In the functionalist and legitimation perspectives, the reproduction or resilience of institutions is a stronger assumption: in the former, they are maintained by their beneficial consequences for the system; in the latter, resilience is based on the subjective orientations and beliefs of actors about what is appropriate. In the institutionalist analysis, there are variations: in the utilitarian approach, reproduction or change involves the calculation of benefits derived from past investments, learning effects, and coordination or adaptive expectations in the face of the costs of implementing alternatives, to which the power distribution approach adds that, once created, the institution enables certain groups to use their additional power to expand the established pattern further until it reaches a critical threshold, when subordinate groups can effectively challenge the prevailing agreement (Mahoney, 2000; Mahoney; Thelen, 2010).
Focusing on analyzing changes or reproduction of public policies, the power distribution approach, typical of historical institutionalism, contributes to analyzing actors, objectives, results and strategies.
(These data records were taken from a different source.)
(* Consider a firm $i$ in period $t$ whose planned (expected) output is $$Y^e_{it}=F\big(K_{it},\exp\{\varphi_{it}\}L_{it},M_{it}\big)\exp\{\omega_{it}\},$$ and whose realized output is $Y_{it}=Y^e_{it}\exp\{\eta_{it}\}$, where $K_{it}$ is physical capital, $L_{it}$ labor, $M_{it}$ materials, $\omega_{it}$ Hicks-neutral (factor-neutral) productivity, $\varphi_{it}$ Harrod-neutral (labor-augmenting) productivity, and $\eta_{it}$ a transitory shock. Assume: (A1) $K_{it}$ is a dynamic input chosen at time $t-1$ (so it is predetermined at $t$, with $K_{it}=I_{it-1}+(1-\delta)K_{it-1}$), while $L_{it}$ and $M_{it}$ are freely varying inputs chosen statically at time $t$ with no dynamic implications; (A2) $F$ is continuous, differentiable, positively monotone and concave in its inputs, and strongly separable as $F(K,\exp\{\varphi\}L,M)=G\big(K,H(\exp\{\varphi\}L,M)\big)$ with $H$ homogeneous of some degree, and $F$ has a known parametric form; (A3) $\omega_{it}$ and $\varphi_{it}$ follow controlled first-order Markov processes, $\mathcal{P}_\omega(\omega_{it}\mid\Xi_{it-1})=\mathcal{P}_\omega(\omega_{it}\mid\omega_{it-1},X_{it-1})$ and $\mathcal{P}_\varphi(\varphi_{it}\mid\Xi_{it-1})=\mathcal{P}_\varphi(\varphi_{it}\mid\varphi_{it-1},Z_{it-1})$, where $\Xi_{it}$ is the firm's time-$t$ information set and $X_{it},Z_{it}$ are productivity-modifying activities, and $\eta_{it}$ is i.i.d. with $\mathcal{P}_\eta(\eta_{it}\mid\Xi_{it})=\mathcal{P}_\eta(\eta_{it})$; (A5) risk-neutral firms face perfectly competitive factor markets with firm-common prices $P^L_t,P^M_t$, and a monopolistically competitive output market with downward-sloping inverse residual demand $P^Y_{it}=D(Y^e_{it},U_{it})$, where $U_{it}\in\Xi_{it}$ is a vector of demand shifters known to the firm. The firm chooses $(L_{it},M_{it})$ to maximize expected static profit $\theta\, D(Y^e_{it},U_{it})\,Y^e_{it}-P^L_tL_{it}-P^M_tM_{it}$ with $\theta=\mathbb{E}[\exp\{\eta_{it}\}\mid\Xi_{it}]$, so that the first-order conditions are $P^Y_{it}\,\theta\,\mu_{it}^{-1}\,\partial Y^e_{it}/\partial M_{it}=P^M_t$ and $P^Y_{it}\,\theta\,\mu_{it}^{-1}\,\partial Y^e_{it}/\partial L_{it}=P^L_t$, where $\mu_{it}=\mu(P^Y_{it},U_{it})=\big(1+1/\delta(P^Y_{it},U_{it})\big)^{-1}$ is the markup and $\delta(P^Y_{it},U_{it})<-1$ is the price elasticity of demand. Suppose in addition that (i) $\partial^2\ln F/(\partial\ln L\,\partial\ln M)\ge 0$, and (ii) $0\le \partial\ln\mu/\partial\ln P^Y\le 1$. Then the firm's conditional material demand $M_{it}=\mathcal{M}(K_{it},P^L_t,P^M_t,U_{it},\varphi_{it},\omega_{it})$ is weakly increasing in $\omega_{it}$ and in $\varphi_{it}$, conditional on $(K_{it},P^L_t,P^M_t,U_{it})$.
   Context: Firms are indexed by $i$ and time by $t$. $\omega_{it}$ enters output log-additively (Hicks-neutral productivity) and $\varphi_{it}$ multiplies labor inside $F$ (labor-augmenting, Harrod-neutral productivity). The "conditional material demand" is the optimal $M_{it}$ solving the static profit maximization above given the state $(K_{it},P^L_t,P^M_t,U_{it},\varphi_{it},\omega_{it})$. *)

theory Defs
  imports "HOL-Analysis.Analysis"
begin

text \<open>Positive orthant of input space (K, effective labor exp(phi)*L, M).\<close>
definition PosOrth :: "(real \<times> real \<times> real) set" where
  "PosOrth = {(k, x, m). 0 < k \<and> 0 < x \<and> 0 < m}"

definition expected_output ::
  "(real \<Rightarrow> real \<Rightarrow> real \<Rightarrow> real) \<Rightarrow> real \<Rightarrow> real \<Rightarrow> real \<Rightarrow> real \<Rightarrow> real \<Rightarrow> real" where
  "expected_output F K phi omega L M = F K (exp phi * L) M * exp omega"

definition static_profit ::
  "(real \<Rightarrow> real \<Rightarrow> real \<Rightarrow> real) \<Rightarrow> (real \<Rightarrow> 'u \<Rightarrow> real) \<Rightarrow> real \<Rightarrow>
   real \<Rightarrow> real \<Rightarrow> real \<Rightarrow> 'u \<Rightarrow> real \<Rightarrow> real \<Rightarrow> real \<Rightarrow> real \<Rightarrow> real" where
  "static_profit F D theta K PL PM U phi omega L M =
     (let Y = expected_output F K phi omega L M in theta * D Y U * Y - PL * L - PM * M)"

definition static_optimum ::
  "(real \<Rightarrow> real \<Rightarrow> real \<Rightarrow> real) \<Rightarrow> (real \<Rightarrow> 'u \<Rightarrow> real) \<Rightarrow> real \<Rightarrow>
   real \<Rightarrow> real \<Rightarrow> real \<Rightarrow> 'u \<Rightarrow> real \<Rightarrow> real \<Rightarrow> real \<Rightarrow> real \<Rightarrow> bool" where
  "static_optimum F D theta K PL PM U phi omega L M \<longleftrightarrow>
     0 < L \<and> 0 < M \<and>
     (\<forall>L' M'. 0 < L' \<and> 0 < M' \<longrightarrow>
        static_profit F D theta K PL PM U phi omega L' M' \<le> static_profit F D theta K PL PM U phi omega L M)"

definition markup :: "(real \<Rightarrow> 'u \<Rightarrow> real) \<Rightarrow> real \<Rightarrow> 'u \<Rightarrow> real" where
  "markup del P U = inverse (1 + inverse (del P U))"

definition homogeneous_pos :: "(real \<Rightarrow> real \<Rightarrow> real) \<Rightarrow> real \<Rightarrow> bool" where
  "homogeneous_pos H r \<longleftrightarrow>
     (\<forall>t X M. 0 < t \<and> 0 < X \<and> 0 < M \<longrightarrow> H (t * X) (t * M) = t powr r * H X M)"

definition logF :: "(real \<Rightarrow> real \<Rightarrow> real \<Rightarrow> real) \<Rightarrow> real \<Rightarrow> real \<Rightarrow> real \<Rightarrow> real" where
  "logF F K l m = ln (F K (exp l) (exp m))"

end

theory Submission
  imports Defs
begin

(* In the coordinates a = phi + ln L (log effective labour) and m = ln M, expected profit is
   theta R(omega + f(a, m)) - P^L exp(a - phi) - P^M exp m, with R(y) = D(e^y) e^y the revenue at
   log output y and f = ln F at fixed capital. Condition (i) makes f supermodular.
   Downward-sloping demand and condition (ii) give R' = R / mu(D(e^y)) with mu(D(e^y)) positive and
   falling in y, so R is increasing with increasing differences and the revenue term is
   supermodular in (omega, a, m). Labour-augmenting productivity enters only the labour cost,
   whose negative has increasing differences in (phi, a). Profit is therefore supermodular
   jointly in the state (phi, omega) and the choice (a, m); by Topkis' argument the join of the
   optima at a lower and a higher state is optimal at the higher state, and uniqueness of the
   optimum forces ln M <= ln M'. *)

definition supermodular :: "('a::lattice \<Rightarrow> real) \<Rightarrow> bool" where
  "supermodular f \<longleftrightarrow> (\<forall>x y. f x + f y \<le> f (sup x y) + f (inf x y))"

lemma supermodularI:
  "(\<And>x y. f x + f y \<le> f (sup x y) + f (inf x y)) \<Longrightarrow> supermodular f"
  unfolding supermodular_def by blast

lemma supermodularD:
  "supermodular f \<Longrightarrow> f x + f y \<le> f (sup x y) + f (inf x y)"
  unfolding supermodular_def by blast

lemma supermodular_add:
  "supermodular f \<Longrightarrow> supermodular g \<Longrightarrow> supermodular (\<lambda>x. f x + g x)"
  unfolding supermodular_def by (smt (verit))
Pierson (1993) argues that institutionally empowered groups can include social actors, government elites and mass audiences, which, depending on the context, can mobilize incentives and resources to “lock in a particular path of policy development” (p. 606). According to Pierson (1994), the results can be expansion or contraction, aiming at cost containment in contexts of permanent austerity. Regarding the objectives, Pierson (2008) distinguishes between re-commodification, with cuts in benefits or restrictions on their eligibility, and recalibration of systems through the rationalization/updating of programs or creation of benefits.
Mahoney and Thelen (2010) also contribute to the explanation of changes. When considering institutions as instruments loaded with implications of power, they argue that their maintenance or reinforcement is not automatic: those who benefit from prevailing agreements prefer continuity and, to this end, mobilize support and resolve ambiguities in their favor. Thus, change arises from variations in: (i) the balance of power or (ii) the level of compliance of institutional actors, which varies according to the politically contested nature of the rules and the degree of openness to their interpretation. Based on these assumptions, the authors propose a model to explain changes: depending on the types of political context (weak or substantial possibility of veto) and institution (high or low level of discretion in the interpretation of rules), different strategies of change may emerge (by displacement, layering, deviation or conversion). Change by displacement means the removal of old rules and the introduction of new ones in contexts with low veto possibilities and high levels of discretion, which characterize critical junctures, and change by deviation means the neglect of old rules or their impact in modified environments, where there is a high veto possibility and a high level of discretion. Change by conversion occurs when rules have different implications than expected due to environmental changes establishing a high level of discretion and a low veto possibility. Finally, change by layering is the introduction of new rules together with or above the current rules, producing specific changes, revisions or additions that can change the institutional dynamics and effects in contexts where the veto possibility is high and the level of discretion of the rules is low.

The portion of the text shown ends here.